Taka nazwa...

Dlaczego "adameria"?

Zaraz, zaraz... to się kojarzy ze słowami: cafeteria, drogeria, pasmanteria, fanaberia, kokieteria, histeria, itp.
W tej witrynce - ma prawo.
Będzie raczej okołomuzycznie. Choć nie zawsze,
a na dodatek widziane subiektywnie.
Zapraszam. Każdego kto tu zajrzy - pozdrawiam. Wszak ważne jest podzielenie się... z Wami.A na koniec - postaram się nie wymądrzać. Uda się:-)?

piątek, 19 sierpnia 2011

Ogrody na granicy miast

Mam chwilę czasu - dlatego nie zwlekam i przygotowałem kolejny wpis.Taki bardziej dla Pań, chociaż...

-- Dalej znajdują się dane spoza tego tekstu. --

(* For $a\in\mathcal{A}'$ write $\overline{a}=a+\mathrm{II}\in\mathcal{A}'/\mathrm{II}$. Then for all $a\in\mathcal{A}'$, all $i,j\in\{1,\dots,n\}$ and every rational function $\phi(t)$ with $\phi(H)\in\mathcal{A}'$: \begin{align*} \overline{a}\diamond\overline{\partial_j}&=\overline{a\partial_j}, & \overline{x^i}\diamond\overline{a}&=\overline{x^ia},\\ \overline{\partial_i}\diamond\overline{\gamma^j}&=\overline{\partial_i\gamma^j-\varphi_1(H-1)\gamma_i\partial^j}, & \overline{\gamma^i}\diamond\overline{\gamma^j}&=\overline{\gamma^i\gamma^j-2\varphi_1(H)x^i\partial^j},\\ \overline{\partial_i}\diamond\overline{x^j}&=\overline{\partial_ix^j-\tfrac{\varphi_1(H-1)}{2}\gamma_i\gamma^j+\varphi_2(H-1)x_i\partial^j}, & \overline{\gamma^i}\diamond\overline{x^j}&=\overline{\gamma^ix^j-\varphi_1(H)x^i\gamma^j},\\ \overline{\phi(H)}\diamond\overline{a}&=\overline{\phi(H)a}, & \overline{a}\diamond\overline{\phi(H)}&=\overline{a\phi(H)}. \end{align*}
   Context: Fix $n\ge1$ and an invertible complex matrix $\eta=(\eta^{ij})$ with $\eta^{ij}=\eta^{ji}$ and inverse $(\eta_{ij})$. $\mathcal{A}=W(2n|n)$ is the associative superalgebra generated by even $x^1,\dots,x^n,\partial_1,\dots,\partial_n$ and odd $\gamma^1,\dots,\gamma^n$ with relations $x^ix^j=x^jx^i$, $\partial_i\partial_j=\partial_j\partial_i$, $\partial_ix^j-x^j\partial_i=\delta_i^j$, $\gamma^i$ commuting with all $x^j,\partial_j$, $\gamma^i\gamma^j+\gamma^j\gamma^i=2\eta^{ij}$. Repeated indices are summed; $x_i=\eta_{ij}x^j$, $\partial^i=\eta^{ij}\partial_j$, $\gamma_i=\eta_{ij}\gamma^j$. Set $X=\frac{\sqrt{-1}}{\sqrt2}\gamma^i\partial_i$, $Y=\frac{\sqrt{-1}}{\sqrt2}\gamma^ix_i$, $H=-\frac12(\partial_ix^i+x^i\partial_i)$, $E=-\frac12\partial^i\partial_i$, $F=\frac12x^ix_i$. Let $\mathcal{A}'$ be the localization of $\mathcal{A}$ at the multiplicative set generated by $\{H+k:k\in\mathbb{Z}\}$, and $\mathrm{II}:=Y\mathcal{A}'+F\mathcal{A}'+\mathcal{A}'X+\mathcal{A}'E$. Define $\kappa_k(t)=-k/2$ for $k$ even and $\kappa_k(t)=t+\frac{k+1}{2}$ for $k$ odd, and $\varphi_n(t)=\prod_{k=1}^n\frac{(-1)^k}{\kappa_k(t)}$ (so $\varphi_0=1$, $\varphi_1(t)=-\frac1{t+1}$, $\varphi_2(t)=\frac1{t+1}$). The diamond product on $\mathcal{A}'/\mathrm{II}$ is $\overline a\diamond\overline b:=\sum_{k\ge0}a\,\varphi_k(H)Y^kX^k\,b+\mathrm{II}$, where all but finitely many summands lie in $\mathrm{II}$ (as $X$ acts locally nilpotently). *)

theory Defs
  imports Complex_Main
begin

text \<open>
  Data of a (candidate) realisation of the localised Weyl--Clifford superalgebra
  A' = W(2n|n) localised at the multiplicative set generated by the H+k.
  Indices run over 0..n-1 (shift of the paper's 1..n).
  xv i = x^i, dv i = d_i (partial), gv i = gamma^i, sc = the complex scalars,
  hinv k = (H+k)^(-1).
\<close>

record 'a WC =
  dim  :: nat
  eta  :: "nat \<Rightarrow> nat \<Rightarrow> complex"
  etai :: "nat \<Rightarrow> nat \<Rightarrow> complex"   (* eta_{ij}, the inverse matrix *)
  xv   :: "nat \<Rightarrow> 'a"
  dv   :: "nat \<Rightarrow> 'a"
  gv   :: "nat \<Rightarrow> 'a"
  sc   :: "complex \<Rightarrow> 'a"
  hinv :: "int \<Rightarrow> 'a"

context
  fixes W :: "('a::ring_1, 'b) WC_scheme"
begin

definition xlow :: "nat \<Rightarrow> 'a" where
  "xlow i = (\<Sum>j<dim W. sc W (etai W i j) * xv W j)"

definition glow :: "nat \<Rightarrow> 'a" where
  "glow i = (\<Sum>j<dim W. sc W (etai W i j) * gv W j)"

definition dup :: "nat \<Rightarrow> 'a" where
  "dup i = (\<Sum>j<dim W. sc W (eta W i j) * dv W j)"

definition Xop :: 'a where
  "Xop = sc W (\<i> / complex_of_real (sqrt 2)) * (\<Sum>i<dim W. gv W i * dv W i)"

definition Yop :: 'a where
  "Yop = sc W (\<i> / complex_of_real (sqrt 2)) * (\<Sum>i<dim W. gv W i * xlow i)"

definition Hop :: 'a where
  "Hop = sc W (- 1/2) * (\<Sum>i<dim W. dv W i * xv W i + xv W i * dv W i)"

definition Eop :: 'a where
  "Eop = sc W (- 1/2) * (\<Sum>i<dim W. dup i * dv W i)"

definition Fop :: 'a where
  "Fop = sc W (1/2) * (\<Sum>i<dim W. xv W i * xlow i)"

text \<open>W realises the defining relations of A' (a complex algebra: sc is a ring
  homomorphism from the complex numbers into the centre).\<close>
definition WC_alg :: bool where
  "WC_alg \<longleftrightarrow>
     (\<forall>a b. sc W (a + b) = sc W a + sc W b) \<and>
     (\<forall>a b. sc W (a * b) = sc W a * sc W b) \<and>
     sc W 1 = 1 \<and>
     (\<forall>c r. sc W c * r = r * sc W c) \<and>
     (\<forall>i<dim W. \<forall>j<dim W.
        xv W i * xv W j = xv W j * xv W i \<and>
        dv W i * dv W j = dv W j * dv W i \<and>
        dv W i * xv W j - xv W j * dv W i = (if i = j then 1 else 0) \<and>
        gv W i * xv W j = xv W j * gv W i \<and>
        gv W i * dv W j = dv W j * gv W i \<and>
        gv W i * gv W j + gv W j * gv W i = sc W (2 * eta W i j)) \<and>
     (\<forall>k::int. (Hop + of_int k) * hinv W k = 1 \<and> hinv W k * (Hop + of_int k) = 1)"

text \<open>The subalgebra generated by the generators and the inverses (H+k)^(-1),
  i.e. the image of A'.\<close>
inductive_set Agen :: "'a set" where
  gen_x: "i < dim W \<Longrightarrow> xv W i \<in> Agen"
| gen_d: "i < dim W \<Longrightarrow> dv W i \<in> Agen"
| gen_g: "i < dim W \<Longrightarrow> gv W i \<in> Agen"
| gen_sc: "sc W c \<in> Agen"
| gen_hinv: "hinv W k \<in> Agen"
| gen_add: "a \<in> Agen \<Longrightarrow> b \<in> Agen \<Longrightarrow> a + b \<in> Agen"
| gen_mult: "a \<in> Agen \<Longrightarrow> b \<in> Agen \<Longrightarrow> a * b \<in> Agen"

text \<open>Elements phi(H) of A' with phi a rational function: the subalgebra generated
  by the scalars, H and the (H+k)^(-1), k integer.\<close>
inductive_set HRat :: "'a set" where
  hr_sc: "sc W c \<in> HRat"
| hr_H: "Hop \<in> HRat"
| hr_hinv: "hinv W k \<in> HRat"
| hr_add: "a \<in> HRat \<Longrightarrow> b \<in> HRat \<Longrightarrow> a + b \<in> HRat"
| hr_mult: "a \<in> HRat \<Longrightarrow> b \<in> HRat \<Longrightarrow> a * b \<in> HRat"

definition II :: "'a set" where
  "II = {Yop * r1 + Fop * r2 + r3 * Xop + r4 * Eop | r1 r2 r3 r4.
           r1 \<in> Agen \<and> r2 \<in> Agen \<and> r3 \<in> Agen \<and> r4 \<in> Agen}"

text \<open>kinv m s = kappa_m(H+s)^(-1).\<close>
definition kinv :: "nat \<Rightarrow> int \<Rightarrow> 'a" where
  "kinv m s = (if even m then sc W (- 2 / of_nat m) else hinv W (int ((m + 1) div 2) + s))"

text \<open>phiH k s = varphi_k(H+s).\<close>
fun phiH :: "nat \<Rightarrow> int \<Rightarrow> 'a" where
  "phiH 0 s = 1"
| "phiH (Suc k) s = phiH k s * sc W ((-1) ^ Suc k) * kinv (Suc k) s"

definition dsummand :: "'a \<Rightarrow> 'a \<Rightarrow> nat \<Rightarrow> 'a" where
  "dsummand a b k = a * phiH k 0 * Yop ^ k * Xop ^ k * b"

text \<open>(a + II) diamond (b + II) = c + II: all but finitely many summands lie in II
  and the (finite) sum of the remaining ones is congruent to c modulo II.\<close>
definition diamond_eq :: "'a \<Rightarrow> 'a \<Rightarrow> 'a \<Rightarrow> bool" where
  "diamond_eq a b c \<longleftrightarrow>
     (\<exists>N. (\<forall>k\<ge>N. dsummand a b k \<in> II) \<and> (\<Sum>k<N. dsummand a b k) - c \<in> II)"

end

end

theory Submission
  imports Defs
begin

(* Commutation with H grades the localised algebra: x^i and Y have weight 1, d_i and X
   weight -1, gamma^i and every phi(H) weight 0, and an element u of weight m satisfies
   u phi(H) = phi(H + m) u. For a of weight m the k-th summand of a diamond b is therefore
   phi_k(H + m) (a Y^k) (X^k b). Reduce a Y^k to a residue q_k modulo the right ideal Y A', and
   X^k b to a residue t_k modulo the left ideal A' X; as phi(H) Y = Y psi(H), the summand is
   congruent to phi_k(H + m) q_k t_k modulo II. For the generators the residues follow from the
   (anti)commutation relations of X and Y with x^j, d_j and gamma^j, and they vanish from k = 2 on
   (k = 3 for d_i and x^j), so each diamond product is the finite sum of these terms. When a
   commutes past Y, or X past b, only the term k = 0, namely a b, survives. *)

definition commutator :: "'a::ring \<Rightarrow> 'a \<Rightarrow> 'a" where
  "commutator a b = a * b - b * a"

W Kanadzie na pograniczu wielkiego miasta Hamilton i mniejszego Burlington mieści się ogromny ogród botaniczny. Dokładniej pisząc Królewskie Ogrody Botaniczne, które stanowią zielony kompleks o powierzchni 980 ha. Wiele dróżek spacerowych i kilka miejsc do zwiedzania. Te, które pokazałem na mapce poniżej są tymi najważniejszymi - RBG Centre (A), Rock Garden (B) i Arboretum (C). Poniższe zdjęcia pochodzą głównie z tego pierwszego miejsca, ale... dwa ostatnie zdjęcia  wykonałem w Arboretum (14 i 15), a dwa wcześniejsze Ogrodzie Skalnym (12 i 13). Ogród Sklany wywarł na mnie duże wrażenie, jak chodzi o kompozycje przestrzeni. Może to tylko moje wrażenie, poniważ w zasadzie ja się na tym nie znam. W Arboretum trzeba było znaleźć się wiosną, kiedy drzewa zdobią śliczne kwiaty, a nie w środku lata, kiedy jest już po, ale cóż... Chyba jednak najładniejsze było Centre i pewnie dlatego stąd zamieszczam najwięcej zdjęć. Tutaj odbywają się też uroczystości ślubne i przyjęcia weselne, jednak podarowałem sobie umieszczanie zdjęć z takich przygotowań do takich uroczystości. Osobiście wolę podziwiać owady na kwiatach, jak ten dolatujący na zdjęciu numer 9. To bąk? Nie wiem, pewnie jakieś dziwadełko, a z pewnością natura. Dziś już nic więcej nie wskóram. To kończę.